Gentry said conducting the surveys and meeting people on the street was “a reminder of why I’m in the business.”
Shortly after the early-morning street interviews concluded, surveys with homeless people in other locations throughout the county began, including at Crisis House in El Cajon.
Jack Micklos, assistant executive director of Crisis House, said the interviews will help “paint a picture of who these people are.”
Carol DeLaurentis, 64, was among the people interviewed. With long gray hair and piercing blue eyes, her smile lit up as she pulled a doll she had being sewing for her goddaughter Carly out of one of her bags.
Homeless since October, DeLaurentis said she has lost 28 pounds.
“I went from a size 9 to a baggy size 5,” she said. “Not a good diet.”

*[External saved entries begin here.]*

(* Let $x$ be a real number with $0<x\le 1$. For every integer $k\ge 1$, $$B_{k}(1-x)=(-1)^{k+1}\sum_{n=1}^{k}\left(\frac{1}{n(n+1)}+\frac{x-1}{n^2}\right)\Delta_{n,x}(k),\qquad\text{where}\quad \Delta_{n,x}(k)=\sum_{j=1}^{n}(-1)^{j}\binom{n}{j}\,j\,(j+x-1)^{k-1}.$$
   Context: The Bernoulli polynomials $B_k(x)$ are defined by the generating function $\frac{te^{xt}}{e^{t}-1}=\sum_{k=0}^{\infty}\frac{B_k(x)}{k!}t^k$ for $|t|<2\pi$. Here $0^0$ is interpreted as $1$. *)

theory Defs
  imports Complex_Main "HOL-Computational_Algebra.Formal_Power_Series"
begin

definition bernpoly :: "nat \<Rightarrow> real \<Rightarrow> real" where
  "bernpoly k x = fact k * fps_nth ((fps_X * fps_exp x) / (fps_exp 1 - 1)) k"

definition Delta :: "nat \<Rightarrow> real \<Rightarrow> nat \<Rightarrow> real" where
  "Delta n x k = (\<Sum>j=1..n. (-1)^j * real (n choose j) * real j * (real j + x - 1)^(k - 1))"

end

theory Submission
  imports Defs
begin

text \<open>
  Put w = 1 - exp(-t), so that t = -ln(1 - w) = sum_{n>=1} w^n / n. The generating function
  F(t) = t exp((1 - x) t) / (exp t - 1) of the B_k(1 - x) satisfies
  exp(x t) w^2 F' = w - t - (x - 1) t w. Replacing t by the partial sums sum_{n<=N} w^n / n,
  which agree with t up to order N + 1, shows that modulo t^N
  F' = -exp(-x t) sum_{n<=N} (1/(n+1) + (x-1)/n) w^(n-1).
  Expanding w^(n-1) binomially, the coefficient of t^(k-1) in exp(-x t) w^(n-1) is
  (-1)^k Delta_{n,x}(k) / (n (k-1)!), and comparing coefficients gives the formula.
\<close>

unbundle fps_syntax

lemma fps_X_power_dvd_iff:
  "fps_X ^ n dvd (f :: 'a::comm_ring_1 fps) \<longleftrightarrow> (\<forall>k<n. f $ k = 0)"
proof
  assume "fps_X ^ n dvd f"
  then obtain g where "f = fps_X ^ n * g" by (elim dvdE)
  then show "\<forall>k<n. f $ k = 0" by (simp add: fps_X_power_mult_nth)
next
  assume "\<forall>k<n. f $ k = 0"
  then have "f = fps_X ^ n * fps_shift n f"
    by (intro fps_ext) (simp add: fps_X_power_mult_nth)
  then show "fps_X ^ n dvd f" by (rule dvdI)
qed

lemma fps_X_power_Suc_dvd_of_deriv:
  fixes f :: "'a::field_char_0 fps"
  assumes "f $ 0 = 0" and "fps_X ^ n dvd fps_deriv f"
  shows "fps_X ^ Suc n dvd f"
  unfolding fps_X_power_dvd_iff
proof (intro allI impI)
  fix k assume "k < Suc n"
  then show "f $ k = 0"
  proof (cases k)
    case (Suc j)
    with \<open>k < Suc n\<close> assms(2) have "of_nat (Suc j) * f $ Suc j = 0"
      by (auto simp: fps_X_power_dvd_iff simp del: of_nat_Suc)
    with Suc show ?thesis by (simp del: of_nat_Suc)
  qed (use assms(1) in simp)
qed

definition fps_w :: "'a::field_char_0 fps" where
  "fps_w = 1 - fps_exp (-1)"

lemma fps_deriv_w: "fps_deriv fps_w = 1 - (fps_w :: 'a::field_char_0 fps)"
  by (simp add: fps_w_def fps_eq_iff)

lemma fps_w_nth_0 [simp]: "fps_w $ 0 = (0 :: 'a::field_char_0)"
  by (simp add: fps_w_def)

lemma fps_X_dvd_w: "fps_X dvd (fps_w :: 'a::field_char_0 fps)"
  by (simp add: fps_X_power_dvd_iff[of 1, simplified])

lemma fps_w_power:
  "fps_w ^ m = (\<Sum>i\<le>m. fps_const (of_nat (m choose i) * (-1) ^ i) * fps_exp (- of_nat i) :: 'a::field_char_0 fps)"
proof -
  have "fps_w ^ m = (- fps_exp (-1) + 1 :: 'a fps) ^ m" by (simp add: fps_w_def)
  also have "\<dots> = (\<Sum>i\<le>m. of_nat (m choose i) * (- fps_exp (-1)) ^ i)"
    by (simp only: binomial_ring power_one mult_1_right)
  also have "\<dots> = (\<Sum>i\<le>m. fps_const (of_nat (m choose i) * (-1) ^ i) * fps_exp (- of_nat i))"
  proof (rule sum.cong[OF refl])
    fix i
    have "(-1 :: 'a fps) = fps_const (-1)"
      by (simp add: fps_eq_iff)
    then have "(- fps_exp (-1) :: 'a fps) ^ i = fps_const ((-1) ^ i) * fps_exp (of_nat i * -1)"
      by (simp only: power_minus[of "fps_exp (-1)"] fps_const_power fps_exp_power_mult)
    then show "of_nat (m choose i) * (- fps_exp (-1)) ^ i
        = fps_const (of_nat (m choose i) * (-1) ^ i) * (fps_exp (- of_nat i) :: 'a fps)"
      by (simp add: fps_of_nat[symmetric] mult.assoc)
  qed
  finally show ?thesis .
qed

definition log_partial :: "nat \<Rightarrow> 'a::field_char_0 fps" where
  "log_partial N = (\<Sum>n=1..N. fps_const (1 / of_nat n) * fps_w ^ n)"

lemma log_partial_Suc:
  "log_partial (Suc N) = log_partial N + fps_const (1 / of_nat (Suc N)) * fps_w ^ Suc N"
  by (simp add: log_partial_def)

lemma fps_deriv_log_partial: "fps_deriv (log_partial N) = 1 - (fps_w ^ N :: 'a::field_char_0 fps)"
proof (induction N)
  case 0
  then show ?case by (simp add: log_partial_def)
next
  case (Suc N)
  have "fps_deriv (fps_const (1 / of_nat (Suc N)) * fps_w ^ Suc N)
      = fps_const (1 / of_nat (Suc N) * of_nat (Suc N)) * (1 - fps_w) * (fps_w ^ N :: 'a fps)"
    by (simp only: fps_deriv_mult_const_left fps_deriv_power fps_deriv_w diff_Suc_1
        mult.assoc fps_const_mult[symmetric] fps_of_nat)
  also have "\<dots> = (1 - fps_w) * fps_w ^ N"
    by (simp del: of_nat_Suc)
  finally show ?case by (simp add: log_partial_Suc Suc algebra_simps)
qed

lemma fps_X_power_dvd_log_partial:
  "fps_X ^ Suc N dvd log_partial N - (fps_X :: 'a::field_char_0 fps)"
proof (rule fps_X_power_Suc_dvd_of_deriv)
  show "(log_partial N - fps_X) $ 0 = (0 :: 'a)"
    by (simp add: log_partial_def fps_sum_nth startsby_zero_power)
  have "fps_X ^ N dvd (fps_w ^ N :: 'a fps)"
    by (rule dvd_power_same[OF fps_X_dvd_w])
  then show "fps_X ^ N dvd fps_deriv (log_partial N - fps_X :: 'a fps)"
    by (simp add: fps_deriv_log_partial)
qed

definition deriv_approx :: "'a::field_char_0 \<Rightarrow> nat \<Rightarrow> 'a fps" where
  "deriv_approx y N = (\<Sum>n=1..N. fps_const (1 / of_nat (n + 1) + y / of_nat n) * fps_w ^ (n - 1))"

lemma w_square_times_deriv_approx:
  "fps_w ^ 2 * deriv_approx y N
     = log_partial (Suc N) - fps_w + fps_const y * fps_w * log_partial N"
proof (induction N)
  case 0
  then show ?case by (simp add: deriv_approx_def log_partial_def)
next
  case (Suc N)
  have "fps_const (1 / of_nat (Suc N + 1) + y / of_nat (Suc N))
     = fps_const (1 / of_nat (Suc (Suc N))) + fps_const y * fps_const (1 / of_nat (Suc N))"
    by simp
  moreover have "fps_w ^ 2 * deriv_approx y (Suc N) = fps_w ^ 2 * deriv_approx y N
      + fps_const (1 / of_nat (Suc N + 1) + y / of_nat (Suc N)) * fps_w ^ Suc (Suc N)"
    by (simp add: deriv_approx_def algebra_simps power2_eq_square)
  ultimately show ?case
    unfolding Suc log_partial_Suc[of "Suc N"] log_partial_Suc[of N]
    by (simp add: algebra_simps del: fps_const_add fps_const_mult)
qed

definition bernoulli_egf :: "'a::field_char_0 \<Rightarrow> 'a fps" where
  "bernoulli_egf y = fps_X * fps_exp y / (fps_exp 1 - 1)"

lemma bernpoly_conv_egf: "bernpoly k y = fact k * bernoulli_egf y $ k"
  by (simp add: bernpoly_def bernoulli_egf_def)

lemma exp_minus_one_times_bernoulli_egf:
  "(fps_exp 1 - 1) * bernoulli_egf y = fps_X * (fps_exp y :: 'a::field_char_0 fps)"
proof -
  have "fps_exp 1 - 1 = fps_X * fps_shift 1 (fps_exp 1 - 1 :: 'a fps)"
    by (intro fps_ext) (simp add: fps_X_mult_nth)
  moreover have "fps_shift 1 (fps_exp 1 - 1 :: 'a fps) dvd fps_exp y"
    by (simp add: fps_unit_dvd)
  ultimately have "fps_exp 1 - 1 dvd fps_X * (fps_exp y :: 'a fps)"
    by (metis mult_dvd_mono dvd_refl)
  then show ?thesis
    unfolding bernoulli_egf_def by (rule dvd_mult_div_cancel)
qed

lemma exp_times_w_square_times_deriv_bernoulli_egf:
  fixes y :: "'a::field_char_0"
  shows "fps_exp (1 - y) * fps_w ^ 2 * fps_deriv (bernoulli_egf y)
           = fps_w - fps_X + fps_const y * fps_X * fps_w"
proof -
  define D :: "'a fps" where "D = fps_exp 1 - 1"
  define F where "F = bernoulli_egf y"
  have DF: "D * F = fps_X * fps_exp y"
    unfolding D_def F_def by (rule exp_minus_one_times_bernoulli_egf)
  have "fps_deriv (D * F) = fps_deriv (fps_X * fps_exp y)"
    by (simp only: DF)
  then have DF': "D * fps_deriv F = (1 + fps_const y * fps_X) * fps_exp y - fps_exp 1 * F"
    by (simp add: D_def algebra_simps)
  have w: "fps_w = fps_exp (-1) * D"
    by (simp add: fps_w_def D_def algebra_simps flip: fps_exp_add_mult)
  have "fps_exp (1 - y) * fps_w ^ 2 * fps_deriv F
      = fps_exp (1 - y) * fps_exp (-1) * fps_exp (-1) * D * (D * fps_deriv F)"
    by (simp add: w power2_eq_square algebra_simps)
  also have "\<dots> = fps_exp (1 - y) * fps_exp (-1) * fps_exp (-1) * fps_exp y * D * (1 + fps_const y * fps_X)
        - fps_exp (1 - y) * fps_exp (-1) * fps_exp (-1) * fps_exp 1 * (D * F)"
    by (simp only: DF') (simp add: algebra_simps)
  also have "\<dots> = fps_exp (-1) * D * (1 + fps_const y * fps_X) - fps_X"
    by (simp add: DF algebra_simps flip: fps_exp_add_mult)
  finally show ?thesis
    unfolding F_def w by (simp add: algebra_simps)
qed

lemma fps_X_power_dvd_deriv_bernoulli_egf_approx:
  fixes x :: "'a::field_char_0"
  shows "fps_X ^ N dvd fps_deriv (bernoulli_egf (1 - x)) + fps_exp (-x) * deriv_approx (x - 1) N"
    (is "_ dvd ?T")
proof -
  have "fps_exp x * fps_w ^ 2 * ?T
      = fps_exp (1 - (1 - x)) * fps_w ^ 2 * fps_deriv (bernoulli_egf (1 - x))
        + (fps_exp x * fps_exp (-x)) * (fps_w ^ 2 * deriv_approx (x - 1) N)"
    by (simp add: algebra_simps)
  also have "\<dots> = (log_partial (Suc N) - fps_X) + fps_const (x - 1) * fps_w * (log_partial N - fps_X)"
  proof -
    have "fps_const (1 - x) = - fps_const (x - 1)"
      by simp
    then show ?thesis
      unfolding exp_times_w_square_times_deriv_bernoulli_egf w_square_times_deriv_approx
      by (simp add: algebra_simps del: fps_const_neg fps_const_sub flip: fps_exp_add_mult)
  qed
  finally have eq: "fps_exp x * fps_w ^ 2 * ?T
      = (log_partial (Suc N) - fps_X) + fps_const (x - 1) * fps_w * (log_partial N - fps_X)" .
  have "fps_X * fps_X ^ Suc N dvd fps_w * (log_partial N - fps_X :: 'a fps)"
    by (intro mult_dvd_mono fps_X_dvd_w fps_X_power_dvd_log_partial)
  then have dvd: "fps_X ^ Suc (Suc N) dvd fps_exp x * fps_w ^ 2 * ?T"
    unfolding eq using fps_X_power_dvd_log_partial[of "Suc N"]
    by (auto simp: mult.assoc intro!: dvd_add dvd_mult)
  define u :: "'a fps" where "u = fps_shift 1 fps_w"
  have w: "fps_w = fps_X * u"
    by (intro fps_ext) (simp add: u_def fps_X_mult_nth)
  have "fps_exp x * fps_w ^ 2 * ?T = fps_X ^ 2 * ((fps_exp x * u ^ 2) * ?T)"
    unfolding w power_mult_distrib by (simp only: ac_simps)
  moreover have "fps_X ^ Suc (Suc N) = fps_X ^ 2 * (fps_X ^ N :: 'a fps)"
    by (simp add: power2_eq_square)
  ultimately have "fps_X ^ 2 * fps_X ^ N dvd fps_X ^ 2 * ((fps_exp x * u ^ 2) * ?T)"
    using dvd by metis
  then have "fps_X ^ N dvd (fps_exp x * u ^ 2) * ?T"
    by (subst (asm) dvd_times_left_cancel_iff) simp_all
  moreover have "is_unit (fps_exp x * u ^ 2)"
    by (simp add: u_def fps_w_def)
  ultimately show ?thesis
    by (simp add: dvd_mult_unit_iff')
qed

lemma exp_times_w_power_nth:
  fixes x :: "'a::field_char_0"
  shows "(fps_exp (-x) * fps_w ^ m) $ p
           = (\<Sum>i\<le>m. of_nat (m choose i) * (-1) ^ i * (-(x + of_nat i)) ^ p) / fact p"
proof -
  have "fps_exp (-x) * fps_w ^ m
      = (\<Sum>i\<le>m. fps_const (of_nat (m choose i) * (-1) ^ i) * fps_exp (-(x + of_nat i)))"
    unfolding fps_w_power sum_distrib_left
    by (rule sum.cong[OF refl]) (simp add: algebra_simps flip: fps_exp_add_mult)
  then show ?thesis
    by (simp add: fps_sum_nth sum_divide_distrib)
qed

lemma Delta_Suc:
  "Delta (Suc m) x k = - real (Suc m) * (\<Sum>i\<le>m. (-1) ^ i * real (m choose i) * (real i + x) ^ (k - 1))"
proof -
  have "Delta (Suc m) x k
      = (\<Sum>i\<le>m. (-1) ^ Suc i * real (Suc m choose Suc i) * real (Suc i) * (real (Suc i) + x - 1) ^ (k - 1))"
    unfolding Delta_def atMost_atLeast0 by (subst sum.shift_bounds_cl_Suc_ivl[symmetric]) simp
  also have "\<dots> = (\<Sum>i\<le>m. - real (Suc m) * ((-1) ^ i * real (m choose i) * (real i + x) ^ (k - 1)))"
  proof (rule sum.cong[OF refl])
    fix i
    have "(-1) ^ Suc i * real (Suc m choose Suc i) * real (Suc i) * (real (Suc i) + x - 1) ^ (k - 1)
        = - ((-1) ^ i * (real (Suc m choose Suc i) * real (Suc i)) * (real i + x) ^ (k - 1))"
      by (simp del: binomial_Suc_Suc)
    also have "real (Suc m choose Suc i) * real (Suc i) = real (Suc m) * real (m choose i)"
      by (metis Suc_times_binomial mult.commute of_nat_mult)
    finally show "(-1) ^ Suc i * real (Suc m choose Suc i) * real (Suc i) * (real (Suc i) + x - 1) ^ (k - 1)
        = - real (Suc m) * ((-1) ^ i * real (m choose i) * (real i + x) ^ (k - 1))"
      by (simp add: algebra_simps del: binomial_Suc_Suc)
  qed
  finally show ?thesis by (simp add: sum_distrib_left)
qed

lemma exp_times_w_power_nth_Delta:
  "(fps_exp (-x) * fps_w ^ m) $ p = (-1) ^ Suc p * Delta (Suc m) x (Suc p) / (real (Suc m) * fact p)"
proof -
  have "(\<Sum>i\<le>m. real (m choose i) * (-1) ^ i * (-(x + real i)) ^ p)
      = (-1) ^ p * (\<Sum>i\<le>m. (-1) ^ i * real (m choose i) * (real i + x) ^ p)"
    unfolding sum_distrib_left
  proof (rule sum.cong[OF refl])
    fix i
    show "real (m choose i) * (-1) ^ i * (-(x + real i)) ^ p
        = (-1) ^ p * ((-1) ^ i * real (m choose i) * (real i + x) ^ p)"
      unfolding power_minus[of "x + real i" p] by (simp add: algebra_simps)
  qed
  then show ?thesis
    by (simp add: exp_times_w_power_nth Delta_Suc field_simps del: of_nat_Suc)
qed

lemma exp_times_deriv_approx_nth:
  "(fps_exp (-x) * deriv_approx (x - 1) N) $ m
     = (-1) ^ Suc m / fact m
       * (\<Sum>n=1..N. (1 / (real n * (real n + 1)) + (x - 1) / (real n)\<^sup>2) * Delta n x (Suc m))"
  unfolding deriv_approx_def sum_distrib_left fps_sum_nth
proof (rule sum.cong[OF refl])
  fix n assume "n \<in> {1..N}"
  have "(fps_exp (-x) * (fps_const (1 / real (n + 1) + (x - 1) / real n) * fps_w ^ (n - 1))) $ m
      = (1 / real (n + 1) + (x - 1) / real n) * (fps_exp (-x) * fps_w ^ (n - 1)) $ m"
    by (simp only: mult.left_commute[of "fps_exp (-x)"] fps_mult_left_const_nth)
  also have "(fps_exp (-x) * fps_w ^ (n - 1)) $ m = (-1) ^ Suc m * Delta n x (Suc m) / (real n * fact m)"
    using exp_times_w_power_nth_Delta[of x "n - 1" m] \<open>n \<in> {1..N}\<close> by simp
  also have "(1 / real (n + 1) + (x - 1) / real n) * ((-1) ^ Suc m * Delta n x (Suc m) / (real n * fact m))
      = (-1) ^ Suc m / fact m * ((1 / real (n + 1) + (x - 1) / real n) / real n * Delta n x (Suc m))"
    by (simp add: divide_inverse inverse_mult_distrib ac_simps)
  also have "(1 / real (n + 1) + (x - 1) / real n) / real n
      = 1 / (real n * (real n + 1)) + (x - 1) / (real n)\<^sup>2"
    unfolding add_divide_distrib divide_divide_eq_left power2_eq_square by (simp add: mult.commute)
  finally show "(fps_exp (-x) * (fps_const (1 / real (n + 1) + (x - 1) / real n) * fps_w ^ (n - 1))) $ m
      = (-1) ^ Suc m / fact m * ((1 / (real n * (real n + 1)) + (x - 1) / (real n)\<^sup>2) * Delta n x (Suc m))" .
qed

theorem mainTheorem3:
  fixes x :: real and k :: nat
  assumes "0 < x" and "x \<le> 1" and "k \<ge> 1"
  shows "bernpoly k (1 - x) =
    (-1)^(k+1) * (\<Sum>n=1..k. (1 / (real n * (real n + 1)) + (x - 1) / (real n)^2) * Delta n x k)"
proof -
  obtain m where k: "k = Suc m"
    using assms(3) by (cases k) auto
  define F where "F = bernoulli_egf (1 - x)"
  have "(fps_deriv F + fps_exp (-x) * deriv_approx (x - 1) k) $ m = 0"
    using fps_X_power_dvd_deriv_bernoulli_egf_approx[of k x] k
    unfolding F_def fps_X_power_dvd_iff by simp
  then have "real k * F $ k = - (fps_exp (-x) * deriv_approx (x - 1) k) $ m"
    by (simp add: k algebra_simps)
  moreover have "bernpoly k (1 - x) = fact m * (real k * F $ k)"
    by (simp add: bernpoly_conv_egf F_def k)
  ultimately have "bernpoly k (1 - x) = - fact m * (fps_exp (-x) * deriv_approx (x - 1) k) $ m"
    by simp
  then show ?thesis
    by (simp add: exp_times_deriv_approx_nth k)
qed

end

“If it weren’t for them, I’d be afraid,” she said. “A lot of homeless people are wonderful people. It’s the few rotten ones that make it look bad for all of us.”She said she camps close to six or seven other homeless people, who all look out for one another.
Being close to Crisis House allows her to charge her “Obama phone,” have a mailing address that allows her to pick up Social Security checks when they arrive, and access to a food pantry that also offers hygiene items and clothes.
A 1971 graduate of Hilltop High, she has been married twice, has a 44-year-old daughter and two adult grandchildren. She has reached out to her daughter as well as her two sisters and brother, but has been repeatedly shunned.
She has had different jobs over the years, including waitress, shipping supervisor, bookkeeper and her favorite career – landscaping. Finding work at her age is difficult.
“My goal is to find a place to call home,” DeLaurentis said. “I don’t care if it’s an independent care living situation, a shed or a converted room.”